My fourth algorithm idea was faulty, I just didn’t quite want to admit it. My ideas were faulty because of lack of mental preparation. I was tired (I’ve not been sleeping well for a while now), distracted, and in a hurry to get past the Karate Chop kata and move onto another challenge. I didn’t think things through when I started, I just fired up Aquamacs and began to type.

The idea was simple enough – strip the algorithm down of a lot of state and just “bounce” from position to position within the list. Starting from the 0th element, we determine an offset which is equal to half the length of the list. The offset is added to the starting point to determine the position to check.

If we don’t match, we halve the offset and either add or subtract the offset from the current position to yield our new position, depending on whether the item we checked was higher or lower in value than the one we’re searching for.

It sounds simple enough, and plausible enough, so I really should’ve run a quick check in my head or on a sticky note to verify it actually worked. The fact I don’t recall seeing this process before should’ve tipped me off to needing to double-check it.

Thing were fine to begin with, except for one failing test. It was the first off-by-one error I had encountered so far during the Karate Chop implementations, I’m rather proud to say, so it seemed to be quite a simple thing to fix. Oh was I wrong: a simple change resulted in multiple failed tests.
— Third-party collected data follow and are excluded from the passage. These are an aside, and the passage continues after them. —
lemma gw_supersolution_one_minus:
  assumes P: "\<And>i j. i < r \<Longrightarrow> j < r \<Longrightarrow> P i j \<in> {0..1}"
    and u: "\<And>j. j < r \<Longrightarrow> 0 \<le> u j \<and> u j \<le> c"
    and c: "c \<le> 1/2" "2 * c \<le> e"
    and Mu: "\<And>i. i < r \<Longrightarrow> (1 + e) * u i \<le> (\<Sum>j<r. P i j * real (n j) * u j)"
  shows "gw_supersolution r n P (\<lambda>j. 1 - u j)"
  unfolding gw_supersolution_def
proof (intro conjI allI impI)
  fix i assume i: "i < r"
  have "offspring_pgf r n P (\<lambda>j. 1 - u j) i = (\<Prod>j<r. (1 - P i j * u j) ^ n j)"
    unfolding offspring_pgf_def by (simp add: algebra_simps)
  also have "\<dots> \<le> (\<Prod>j<r. exp (- (real (n j) * (P i j * u j))))"
  proof (intro prod_mono conjI)
    fix j assume j: "j \<in> {..<r}"
    have "0 \<le> P i j * u j" "P i j * u j \<le> 1"
      using P[OF i, of j] u[of j] c j by (auto intro: mult_le_one)
    then show "0 \<le> (1 - P i j * u j) ^ n j"
      "(1 - P i j * u j) ^ n j \<le> exp (- (real (n j) * (P i j * u j)))"
      by (auto intro: one_minus_power_le_exp)
  qed
  also have "\<dots> = exp (- (\<Sum>j<r. P i j * real (n j) * u j))"
    by (simp add: exp_sum[symmetric] sum_negf mult_ac)
  also have "\<dots> \<le> exp (- ((1 + e) * u i))" using Mu[OF i] by simp
  also have "\<dots> \<le> 1 - u i" using u[OF i] c by (intro exp_le_one_minus) auto
  finally show "offspring_pgf r n P (\<lambda>j. 1 - u j) i \<le> 1 - u i" .
next
  fix j assume "j < r"
  then show "1 - u j \<in> {0..1}" using u[of j] c by auto
qed

lemma offspring_pgf_gap_along_edge:
  assumes P: "\<And>i j. i < r \<Longrightarrow> j < r \<Longrightarrow> P i j \<in> {0..1}"
    and s: "\<And>j. j < r \<Longrightarrow> s j \<in> {0..1}" and i: "i < r" and j: "j < r"
    and a: "0 < a" "a \<le> P i j * real (n j)"
  shows "a / (1 + a) * (1 - s j) \<le> 1 - offspring_pgf r n P s i"
proof -
  define f where "f k = (1 - P i k + P i k * s k) ^ n k" for k
  define y where "y = 1 - s j"
  have y: "0 \<le> y" "y \<le> 1" using s[OF j] by (auto simp: y_def)
  have pos: "0 < 1 + a * y" "0 < 1 + a" using a y by (auto simp: add_pos_nonneg)
  have "offspring_pgf r n P s i = f j * (\<Prod>k\<in>{..<r} - {j}. f k)"
    unfolding offspring_pgf_def f_def using j by (simp add: prod.remove)
  also have "\<dots> \<le> f j"
    using pgf_factor_range[OF P[OF i] s] j unfolding f_def
    by (intro mult_left_le prod_le_1) (auto intro: power_le_one)
  also have "\<dots> = (1 - P i j * y) ^ n j" by (simp add: f_def y_def algebra_simps)
  also have "\<dots> \<le> exp (- (real (n j) * (P i j * y)))"
    using P[OF i j] y by (intro one_minus_power_le_exp) (auto intro: mult_le_one)
  also have "\<dots> \<le> exp (- (a * y))"
    using a y mult_right_mono[OF a(2) y(1)] by (simp add: mult_ac)
  also have "\<dots> \<le> 1 / (1 + a * y)"
    using exp_ge_add_one_self[of "a * y"] pos by (simp add: exp_minus field_simps)
  finally have "a * y / (1 + a * y) \<le> 1 - offspring_pgf r n P s i"
    using pos by (simp add: field_simps)
  moreover have "a * y / (1 + a) \<le> a * y / (1 + a * y)"
    using pos a y by (intro divide_left_mono) (auto simp: mult_left_le)
  ultimately show ?thesis by (simp add: y_def)
qed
Hasty debug statements (I’m guessing I’ll need to learn a Java debugging tool for Clojure development) began to highlight much weirdness with each loop through the search. Values didn’t seem to tally to the expected values, and the search position was often wildly off.

A hasty bit of refactoring to eliminate duplication and side-effects as possible causes didn’t offer much improvement, though I learnt to apply some interesting bits of Clojure in the process. In the end, I had a pretty good idea that the algorithm was flawed, but I kept convincing myself that things like padding the list or adding special cases would massage it into place.

Some days you just have to down tools, stand back, learn from your experiences and move on. The idea started off simple but started to grow… and smell.

In the current form, the algorithm fails on three tests:

(assert (=  0 (chop 1 [1 3 5]) ))
(assert (=  2 (chop 5 [1 3 5]) ))
(assert (=  0 (chop 1 [1 3 5 7]) ))

The bit that stood out straight away was that they were all tests for a value on the boundary of the list. Analysis of the code determined that the search algorithm never reaches the first and last elements in the list. And padding the list doesn’t help either.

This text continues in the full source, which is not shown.